When ISIS leader Abu Bakr al-Baghdadi ascended to the pulpit of the Great Mosque of al-Nouri in the Iraqi city of Mosul on July 5, 2014, it marked the jihadist group’s arrival at the pinnacle of its power.
A few days earlier the militants had swept into Mosul, routing the Iraqi army and police from a city of more than a million people. Clad in black robes and speaking to an audience of men in the 12th century mosque, Baghdadi proclaimed the virtues of the Islamic “caliphate” declared by the group weeks earlier. “As for your mujahedeen brothers, Allah has bestowed upon them the grace of victory and conquest,” he said.

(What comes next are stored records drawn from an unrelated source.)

lemma translation_free_common_fixed_point:
  assumes H: "perm_subgroup H" "H \<subseteq> transl_ext GammaL1" "H \<inter> transl_group = {id}"
    and h: "h \<in> H \<inter> AGL1" "h \<noteq> id"
  shows "\<exists>c. \<forall>g\<in>H. g c = c"
proof -
  obtain \<alpha> \<beta> where h_eq: "h = (\<lambda>z. \<alpha> * z + \<beta>)"
    using h(1) unfolding AGL1_def by blast
  have "\<alpha> \<noteq> 1"
  proof
    assume "\<alpha> = 1"
    then have "\<beta> = 0"
      using translation_free_eqI[OF H(1,3), of h id \<beta>] h(1) H(1)
      unfolding perm_subgroup_def by (auto simp: h_eq)
    then show False using h(2) \<open>\<alpha> = 1\<close> by (auto simp: h_eq)
  qed
  define c where "c = \<beta> / (1 - \<alpha>)"
  have fix_h: "h z = z \<longleftrightarrow> z = c" for z
    using affine_fixed_point_iff[OF \<open>\<alpha> \<noteq> 1\<close>] by (simp add: h_eq c_def)
  have "g c = c" if g: "g \<in> H" for g
  proof -
    let ?k = "g \<circ> h \<circ> inv_into UNIV g"
    have "?k \<in> H \<inter> AGL1"
      using H g h(1) conj_AGL1 unfolding perm_subgroup_def by blast
    then have "h (?k c) = ?k (h c)"
      using translation_free_AGL1_commute[OF H(1,3) h(1)] by (metis comp_apply)
    moreover have "h c = c" using fix_h by simp
    ultimately have "?k c = c" using fix_h by metis
    moreover have "bij g" using H(1) g unfolding perm_subgroup_def by blast
    ultimately have "h (inv_into UNIV g c) = inv_into UNIV g c"
      by (metis bij_inv_eq_iff comp_apply)
    then show ?thesis
      using fix_h \<open>bij g\<close> by (metis bij_inv_eq_iff)
  qed
  then show ?thesis by blast
qed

Nearly three years later, Iraqi forces battling ISIS have fought their way to within a kilometer of the mosque, in a sign of the group’s ongoing collapse. The capture of the mosque — where the idea of the “Islamic State” was given voice — could come within days. It promises to be an important and emotional milestone in the war against the militant group.
“This mosque is a symbol for ISIS. If we take it, it will be a defeat for the terrorists,” says Jafar Jawad Qadem, a sergeant in Iraq’s federal police, speaking over sporadic gunfire inside an abandoned building on the front.

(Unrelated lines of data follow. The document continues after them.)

lemma fitz_family_slices_lipschitz:
  fixes h :: "'a::real_normed_vector \<times> ('a \<Rightarrow>\<^sub>L real) \<Rightarrow> ereal"
  assumes mm: "maximal_monotone T" and h: "h \<in> fitz_family T" and lsc: "lsc_wrt strong_weak_star h"
    and R: "\<And>y ys. (y, ys) \<in> T \<Longrightarrow> norm y \<le> R"
  shows "slices_finite h \<and> slices_lipschitz h R"
proof -
  have slice_real: "\<exists>a. h (x, xs) = ereal a" if x: "x \<in> fst ` dom_fun h" for x xs
  proof -
    obtain z0 where "(x, z0) \<in> dom_fun h" using x by force
    then have "h (x, z0) < \<infinity>" unfolding dom_fun_def by simp
    then obtain r0 where "h (x, z0) = ereal r0" by (rule fitz_family_real_on_dom[OF h])
    from fitz_family_slice_le[OF mm h lsc R this]
    have "h (x, xs) \<le> ereal (r0 + R * norm (xs - z0))" .
    then have "h (x, xs) < \<infinity>" by (rule le_less_trans) simp
    then show ?thesis by (rule fitz_family_real_on_dom[OF h]) blast
  qed
  have "\<bar>real_of_ereal (h (x, xs)) - real_of_ereal (h (x, zs))\<bar> \<le> R * norm (xs - zs)"
    if x: "x \<in> fst ` dom_fun h" for x xs zs
  proof -
    obtain a b where a: "h (x, xs) = ereal a" and b: "h (x, zs) = ereal b" using slice_real[OF x] by blast
    have "h (x, xs) \<le> ereal (b + R * norm (xs - zs))" by (rule fitz_family_slice_le[OF mm h lsc R b])
    moreover have "h (x, zs) \<le> ereal (a + R * norm (zs - xs))" by (rule fitz_family_slice_le[OF mm h lsc R a])
    ultimately have "a \<le> b + R * norm (xs - zs)" "b \<le> a + R * norm (zs - xs)" using a b by simp_all
    then show ?thesis using a b by (simp add: abs_le_iff norm_minus_commute)
  qed
  moreover have "\<bar>h (x, xs)\<bar> \<noteq> \<infinity>" if "x \<in> fst ` dom_fun h" for x xs
    using slice_real[OF that, of xs] by auto
  ultimately show ?thesis unfolding slices_finite_def slices_lipschitz_def by (intro conjI ballI allI)
qed

lemma slices_lipschitz_dom_norm_le:
  fixes h :: "'a::real_normed_vector \<times> ('a \<Rightarrow>\<^sub>L real) \<Rightarrow> ereal"
  assumes h: "h \<in> fitz_family T" and yT: "(y, ys) \<in> T" and "0 \<le> L"
    and fin: "slices_finite h" and lip: "slices_lipschitz h L"
  shows "norm y \<le> L"
proof -
  have y: "y \<in> fst ` dom_fun h" using dom_op_subset_fitz_dom[OF h] yT unfolding dom_op_def by force
  obtain g :: "'a \<Rightarrow>\<^sub>L real" where g: "norm g \<le> 1" "blinfun_apply g y = norm y"
    using exists_norming_functional by blast
  have hT: "h (y, ys) = ereal (blinfun_apply ys y)" using h yT unfolding fitz_family_def pairing_def by auto
  have "\<bar>h (y, ys + g)\<bar> \<noteq> \<infinity>"
    using spec[OF bspec[OF fin[unfolded slices_finite_def] y], of "ys + g"] .
  then obtain a where a: "h (y, ys + g) = ereal a" by (cases "h (y, ys + g)") auto
  have "ereal (pairing y (ys + g)) \<le> h (y, ys + g)" using h unfolding fitz_family_def by auto
  then have "blinfun_apply ys y + norm y \<le> a" using a g(2) by (simp add: pairing_def blinfun.bilinear_simps)
  moreover have "\<bar>a - blinfun_apply ys y\<bar> \<le> L * norm g"
    using bspec[OF lip[unfolded slices_lipschitz_def] y, rule_format, of "ys + g" ys] a hT by simp
  then have "a - blinfun_apply ys y \<le> L" using mult_left_mono[OF g(1) \<open>0 \<le> L\<close>] by linarith
  ultimately show ?thesis by linarith
qed

lemma bounded_dom_op_iff_all_fitz_dom_bounded:
  assumes mm: "maximal_monotone T"
  shows "bounded (dom_op T) \<longleftrightarrow> (\<forall>h\<in>fitz_family T. bounded (fst ` dom_fun h))"
proof (intro iffI ballI)
  fix h assume "bounded (dom_op T)" and h: "h \<in> fitz_family T"
  then obtain R where R: "\<And>y ys. (y, ys) \<in> T \<Longrightarrow> norm y \<le> R" unfolding bounded_dom_op_iff by blast
  have "norm x \<le> R" if x: "x \<in> fst ` dom_fun h" for x
  proof -
    obtain zs where "(x, zs) \<in> dom_fun h" using x by force
    then show ?thesis unfolding dom_fun_def using fitz_family_dom_norm_le[OF mm h R] by simp
  qed
  then show "bounded (fst ` dom_fun h)" unfolding bounded_iff by blast
next
  assume "\<forall>h\<in>fitz_family T. bounded (fst ` dom_fun h)"
  moreover have fitz: "fitzpatrick T \<in> fitz_family T" by (rule fitzpatrick_in_fitz_family[OF mm])
  ultimately show "bounded (dom_op T)" using bounded_subset[OF _ dom_op_subset_fitz_dom[OF fitz]] by blast
qed

lemma bounded_dom_op_iff_ex_fitz_dom_bounded:
  assumes mm: "maximal_monotone T"
  shows "bounded (dom_op T) \<longleftrightarrow> (\<exists>h\<in>fitz_family T. bounded (fst ` dom_fun h))"
proof
  assume "bounded (dom_op T)"
  then show "\<exists>h\<in>fitz_family T. bounded (fst ` dom_fun h)"
    using bounded_dom_op_iff_all_fitz_dom_bounded[OF mm] fitzpatrick_in_fitz_family[OF mm] by blast
next
  assume "\<exists>h\<in>fitz_family T. bounded (fst ` dom_fun h)"
  then obtain h where h: "h \<in> fitz_family T" and "bounded (fst ` dom_fun h)" by blast
  then show "bounded (dom_op T)" using bounded_subset[OF _ dom_op_subset_fitz_dom[OF h]] by blast
qed

lemma bounded_dom_op_iff_all_slices_lipschitz:
  assumes mm: "maximal_monotone T"
  shows "bounded (dom_op T) \<longleftrightarrow>
    (\<forall>h\<in>fitz_family T. lsc_wrt strong_weak_star h \<longrightarrow> slices_finite h) \<and>
    (\<exists>L. 0 \<le> L \<and> (\<forall>h\<in>fitz_family T. lsc_wrt strong_weak_star h \<longrightarrow> slices_lipschitz h L))"
proof
  assume "bounded (dom_op T)"
  then obtain R where "0 \<le> R" and R: "\<And>y ys. (y, ys) \<in> T \<Longrightarrow> norm y \<le> R"
    using bounded_dom_op_iff by blast
  then show "(\<forall>h\<in>fitz_family T. lsc_wrt strong_weak_star h \<longrightarrow> slices_finite h) \<and>
    (\<exists>L. 0 \<le> L \<and> (\<forall>h\<in>fitz_family T. lsc_wrt strong_weak_star h \<longrightarrow> slices_lipschitz h L))"
  proof -
    have "slices_finite h \<and> slices_lipschitz h R"
      if "h \<in> fitz_family T" "lsc_wrt strong_weak_star h" for h
      by (rule fitz_family_slices_lipschitz[OF mm that R])
    then show ?thesis using \<open>0 \<le> R\<close> by blast
  qed
next
  assume "(\<forall>h\<in>fitz_family T. lsc_wrt strong_weak_star h \<longrightarrow> slices_finite h) \<and>
    (\<exists>L. 0 \<le> L \<and> (\<forall>h\<in>fitz_family T. lsc_wrt strong_weak_star h \<longrightarrow> slices_lipschitz h L))"
  moreover have "fitzpatrick T \<in> fitz_family T" "lsc_wrt strong_weak_star (fitzpatrick T)"
    using fitzpatrick_in_fitz_family[OF mm] lsc_strong_weak_star_fitzpatrick by blast+
  ultimately obtain L where "0 \<le> L" "slices_finite (fitzpatrick T)" "slices_lipschitz (fitzpatrick T) L"
    by blast
  then show "bounded (dom_op T)"
    unfolding bounded_dom_op_iff using slices_lipschitz_dom_norm_le[OF \<open>fitzpatrick T \<in> fitz_family T\<close>] by blast
qed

To take the mosque, however, Iraq’s armed forces face a fraught battle through the winding streets of Mosul’s old city that could take weeks. They have surrounded the old city on three sides, leaving a corridor to allow fighters to flee back into the pocket of Mosul still occupied by ISIS. When TIME visited the front-line near the Mosul train station on Saturday, ISIS had deployed snipers in an attempt to cut supply lines to sections of territory it recently lost to the government troops.
Ordered built in 1172 by the Turkic leader Nur al-Din Zangi [also transliterated Zinki], the mosque illustrates Mosul’s rich history. The ruler of both Mosul and Aleppo, Zangi waged wars on the Christian European crusaders who landed in the Middle East at the time. He also sought to establish the primacy of Sunni Islam over Shiism. Both legacies have made him a significant figure for modern-day jihadists, who frame their sectarian ideology in terms of long-ago battles against both crusaders and Shiites.
Today, the mosque’s distinctive leaning minaret is a symbol of Mosul, a landmark at the very heart of the city. The ancient brick minaret is known colloquially as as al-Habda or the hunchback, a moniker that has also been used to name political movements, news agencies, and other organizations in and around Mosul. UNESCO announced an initiative in 2012 to restore the minaret, but those plans had to be put on hold when ISIS seized the city in 2014.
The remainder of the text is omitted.